definition acyclic_orientation :: "nat set set \<Rightarrow> (nat set \<Rightarrow> nat) \<Rightarrow> bool" where
  "acyclic_orientation \<I> Or \<longleftrightarrow>
     \<not> (\<exists>(k::nat) (H::nat \<Rightarrow> nat set). k \<ge> 2 \<and> (\<forall>l\<in>{1..k}. H l \<in> \<I>) \<and>
          (\<forall>l\<in>{1..k-1}. Or (H (l+1)) \<in> H l - {Or (H l)}) \<and>
          Or (H 1) \<in> H k - {Or (H k)})"

definition flip :: "nat set set \<Rightarrow> (nat set \<Rightarrow> nat) \<Rightarrow> nat \<Rightarrow> nat \<Rightarrow> (nat set \<Rightarrow> nat) \<Rightarrow> bool" where
  "flip \<I> Or i j Or2 \<longleftrightarrow>
     i \<noteq> j \<and> (\<exists>H\<in>\<I>. Or H \<noteq> Or2 H) \<and>
     (\<forall>H\<in>\<I>. (Or H \<noteq> Or2 H \<longrightarrow> Or H = i \<and> Or2 H = j) \<and>
              ({i, j} \<subseteq> H \<longrightarrow> (Or H = i \<longleftrightarrow> Or2 H = j)))"

end

theory Submission
  imports Defs
begin

text \<open>
  An orientation O is acyclic exactly when the digraph with arcs O(H) \<rightarrow> b, b \<in> H - {O(H)},
  is acyclic. A flip of i to j only redirects the arcs of the hyperedges F = {H. A(H) = i, j \<in> H},
  which now leave j. Hence a cycle of B runs j \<rightarrow> v for some v in some H \<in> F and then returns
  to j along arcs of A from hyperedges outside F. Since hyperedges are intervals, an arc that
  jumps over a vertex can be shortened to end there; so in the acyclic digraph of A the
  return path enters j from some u between v and j, i.e. u \<in> H, through a hyperedge J with
  A(J) = u \<noteq> i. Conversely such a J closes the cycle j \<rightarrow> A(J) \<rightarrow> j or j \<rightarrow> i \<rightarrow> A(J) \<rightarrow> j.
  Finally, the hyperedges oriented to i all contain i, so their union is the interval
  [min, max] of the statement, and acyclicity of A forces A(J) onto the same side of i as j.
\<close>

definition orientation_arcs :: "nat set set \<Rightarrow> (nat set \<Rightarrow> nat) \<Rightarrow> nat rel" where
  "orientation_arcs S Or = {(Or H, b) | H b. H \<in> S \<and> b \<in> H - {Or H}}"

lemma mem_orientation_arcs:
  "(a, b) \<in> orientation_arcs S Or \<longleftrightarrow> (\<exists>H\<in>S. Or H = a \<and> b \<in> H \<and> b \<noteq> a)"
  unfolding orientation_arcs_def by auto

lemma orientation_arcs_mono: "S \<subseteq> T \<Longrightarrow> orientation_arcs S Or \<subseteq> orientation_arcs T Or"
  unfolding orientation_arcs_def by auto

lemma chain_imp_trancl_orientation_arcs:
  fixes k :: nat
  assumes "1 \<le> k" "\<forall>l\<in>{1..k}. H l \<in> S"
    and "\<forall>l\<in>{1..k-1}. Or (H (l+1)) \<in> H l - {Or (H l)}"
    and "y \<in> H k - {Or (H k)}"
  shows "(Or (H 1), y) \<in> (orientation_arcs S Or)\<^sup>+"
  using assms
proof (induction k arbitrary: y rule: nat_induct_at_least)
  case base
  then show ?case by (intro r_into_trancl) (auto simp: mem_orientation_arcs)
next
  case (Suc k)
  have "(Or (H 1), Or (H (Suc k))) \<in> (orientation_arcs S Or)\<^sup>+"
    using Suc by (intro Suc.IH) auto
  moreover have "(Or (H (Suc k)), y) \<in> orientation_arcs S Or"
    using Suc.prems by (auto simp: mem_orientation_arcs)
  ultimately show ?case ..
qed

lemma trancl_orientation_arcs_imp_chain:
  assumes "(x, y) \<in> (orientation_arcs S Or)\<^sup>+"
  obtains k :: nat and H where "1 \<le> k" "\<forall>l\<in>{1..k}. H l \<in> S"
    and "\<forall>l\<in>{1..k-1}. Or (H (l+1)) \<in> H l - {Or (H l)}"
    and "Or (H 1) = x" "y \<in> H k - {Or (H k)}"
proof -
  have "\<exists>k::nat. \<exists>H. 1 \<le> k \<and> (\<forall>l\<in>{1..k}. H l \<in> S) \<and>
      (\<forall>l\<in>{1..k-1}. Or (H (l+1)) \<in> H l - {Or (H l)}) \<and> Or (H 1) = x \<and> y \<in> H k - {Or (H k)}"
    using assms
  proof (induction rule: trancl_induct)
    case (base y)
    then obtain G where "G \<in> S" "Or G = x" "y \<in> G - {x}"
      by (auto simp: mem_orientation_arcs)
    then show ?case by (intro exI[of _ "1::nat"] exI[of _ "\<lambda>_. G"]) auto
  next
    case (step y z)
    then obtain k :: nat and H where k: "1 \<le> k" "\<forall>l\<in>{1..k}. H l \<in> S"
      "\<forall>l\<in>{1..k-1}. Or (H (l+1)) \<in> H l - {Or (H l)}" "Or (H 1) = x" "y \<in> H k - {Or (H k)}"
      by blast
    from step.hyps(2) obtain G where G: "G \<in> S" "Or G = y" "z \<in> G - {y}"
      by (auto simp: mem_orientation_arcs)
    let ?H = "H(k+1 := G)"
    have "\<forall>l\<in>{1..k+1-1}. Or (?H (l+1)) \<in> ?H l - {Or (?H l)}"
      using k G by (auto simp: less_Suc_eq_le)
    with k G show ?case by (intro exI[of _ "k+1"] exI[of _ ?H]) auto
  qed
  with that show ?thesis by blast
qed

lemma acyclic_orientation_iff_acyclic_arcs:
  "acyclic_orientation S Or \<longleftrightarrow> acyclic (orientation_arcs S Or)"
proof
  assume acyclic_Or: "acyclic_orientation S Or"
  show "acyclic (orientation_arcs S Or)"
  proof (rule acyclicI, intro allI notI)
    fix x assume "(x, x) \<in> (orientation_arcs S Or)\<^sup>+"
    then obtain k :: nat and H where "1 \<le> k" "\<forall>l\<in>{1..k}. H l \<in> S"
      "\<forall>l\<in>{1..k-1}. Or (H (l+1)) \<in> H l - {Or (H l)}" "Or (H 1) = x" "x \<in> H k - {Or (H k)}"
      by (rule trancl_orientation_arcs_imp_chain)
    moreover from this have "2 \<le> k"
      by (cases "k = 1") auto
    ultimately show False
      using acyclic_Or unfolding acyclic_orientation_def by blast
  qed
next
  assume acyclic_arcs: "acyclic (orientation_arcs S Or)"
  show "acyclic_orientation S Or"
    unfolding acyclic_orientation_def
  proof (intro notI, elim exE conjE)
    fix k :: nat and H
    assume "2 \<le> k" "\<forall>l\<in>{1..k}. H l \<in> S" "\<forall>l\<in>{1..k-1}. Or (H (l+1)) \<in> H l - {Or (H l)}"
      "Or (H 1) \<in> H k - {Or (H k)}"
    then have "(Or (H 1), Or (H 1)) \<in> (orientation_arcs S Or)\<^sup>+"
      by (intro chain_imp_trancl_orientation_arcs) auto
    with acyclic_arcs show False
      unfolding acyclic_def by blast
  qed
qed

lemma is_interval_between:
  "is_interval n H \<Longrightarrow> a \<in> H \<Longrightarrow> b \<in> H \<Longrightarrow> c \<in> {min a b..max a b} \<Longrightarrow> c \<in> H"
  unfolding is_interval_def by auto

lemma orientation_arc_between:
  assumes "\<forall>H\<in>S. is_interval n H" "orientation S Or"
    and "(a, b) \<in> orientation_arcs S Or" "c \<in> {min a b..max a b}" "c \<noteq> a"
  shows "(a, c) \<in> orientation_arcs S Or"
proof -
  from assms(3) obtain H where "H \<in> S" "Or H = a" "b \<in> H"
    by (auto simp: mem_orientation_arcs)
  moreover from this have "c \<in> H"
    using assms(1,2,4) is_interval_between unfolding orientation_def by metis
  ultimately show ?thesis
    using assms(5) by (auto simp: mem_orientation_arcs)
qed

text \<open>\<open>a < x \<longleftrightarrow> w < x\<close> says that the path enters x from the same side as it started.\<close>

lemma orientation_arcs_path_crossing:
  assumes "\<forall>H\<in>S. is_interval n H" "orientation S Or"
    and "(w, y) \<in> (orientation_arcs S Or)\<^sup>+"
  shows "x \<in> {min w y..max w y} \<Longrightarrow> x \<noteq> w \<Longrightarrow>
    \<exists>a. (a < x \<longleftrightarrow> w < x) \<and> (w, a) \<in> (orientation_arcs S Or)\<^sup>* \<and> (a, x) \<in> orientation_arcs S Or"
  using assms(3)
proof (induction rule: converse_trancl_induct)
  case (base w)
  then show ?case
    using orientation_arc_between[OF assms(1,2)] by blast
next
  case (step w w')
  show ?case
  proof (cases "x \<in> {min w' y..max w' y} \<and> x \<noteq> w' \<and> (w' < x \<longleftrightarrow> w < x)")
    case True
    then obtain a where "(a < x \<longleftrightarrow> w < x)" "(w', a) \<in> (orientation_arcs S Or)\<^sup>*"
      "(a, x) \<in> orientation_arcs S Or"
      using step.IH by blast
    with step.hyps(1) show ?thesis
      by (meson converse_rtrancl_into_rtrancl)
  next
    case False
    with step.prems have "x \<in> {min w w'..max w w'}"
      by auto
    then show ?thesis
      using orientation_arc_between[OF assms(1,2) step.hyps(1)] step.prems(2) by blast
  qed
qed

lemma acyclic_orientation_arcs_last_arc_between:
  assumes "\<forall>H\<in>S. is_interval n H" "orientation S Or"
    and acyclic: "acyclic (orientation_arcs S Or)"
    and "(x, y) \<in> (orientation_arcs S Or)\<^sup>+"
  obtains u where "u \<in> {min x y..max x y}" "(x, u) \<in> (orientation_arcs S Or)\<^sup>*"
    "(u, y) \<in> orientation_arcs S Or"
proof -
  have "x \<noteq> y"
    using acyclic assms(4) unfolding acyclic_def by blast
  then obtain a where a: "(a < y \<longleftrightarrow> x < y)" "(x, a) \<in> (orientation_arcs S Or)\<^sup>*"
    "(a, y) \<in> orientation_arcs S Or"
    using orientation_arcs_path_crossing[OF assms(1,2,4), of y] by auto
  have "a \<in> {min x y..max x y}"
  proof (rule ccontr)
    assume "a \<notin> {min x y..max x y}"
    with a(1) have "x \<in> {min a y..max a y}" "x \<noteq> a"
      by auto
    with a(3) have "(a, x) \<in> orientation_arcs S Or"
      using orientation_arc_between[OF assms(1,2)] by blast
    with a(2) have "(x, x) \<in> (orientation_arcs S Or)\<^sup>+"
      by (rule rtrancl_into_trancl1)
    with acyclic show False
      unfolding acyclic_def by blast
  qed
  with a that show ?thesis by blast
qed

lemma trancl_Un_single_source_cases:
  assumes "(x, y) \<in> (R \<union> N)\<^sup>+" "Domain N \<subseteq> {j}"
  shows "(x, y) \<in> R\<^sup>+ \<or> (\<exists>v. (x, j) \<in> (R \<union> N)\<^sup>* \<and> (j, v) \<in> N \<and> (v, y) \<in> R\<^sup>*)"
  using assms(1)
proof (induction rule: trancl_induct)
  case (base y)
  then show ?case
    using assms(2) by blast
next
  case (step y z)
  from step.hyps(2) show ?case
  proof
    assume "(y, z) \<in> R"
    with step.IH show ?thesis
      by (meson rtrancl.rtrancl_into_rtrancl trancl.trancl_into_trancl)
  next
    assume "(y, z) \<in> N"
    moreover from this have "y = j"
      using assms(2) by blast
    ultimately show ?thesis
      using step.hyps(1) by auto
  qed
qed

lemma cycle_Un_single_source:
  assumes "\<not> acyclic (R \<union> N)" "acyclic R" "Domain N \<subseteq> {j}"
  obtains v where "(j, v) \<in> N" "(v, j) \<in> R\<^sup>*"
proof -
  obtain x where "(x, x) \<in> (R \<union> N)\<^sup>+"
    using assms(1) unfolding acyclic_def by blast
  then obtain v where v: "(x, j) \<in> (R \<union> N)\<^sup>*" "(j, v) \<in> N" "(v, x) \<in> R\<^sup>*"
    using trancl_Un_single_source_cases[OF _ assms(3)] assms(2) unfolding acyclic_def by blast
  have "(v, x) \<in> (R \<union> N)\<^sup>*"
    using v(3) rtrancl_mono[of R "R \<union> N"] by blast
  with v(1,2) have "(j, j) \<in> (R \<union> N)\<^sup>+"
    by (meson UnI2 rtrancl_into_trancl2 rtrancl_trans)
  then show ?thesis
    using trancl_Un_single_source_cases[OF _ assms(3)] assms(2) that unfolding acyclic_def by blast
qed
════
Your answer should be a single number, the count of lines in the listing that contain "prems".

**Task answer**
3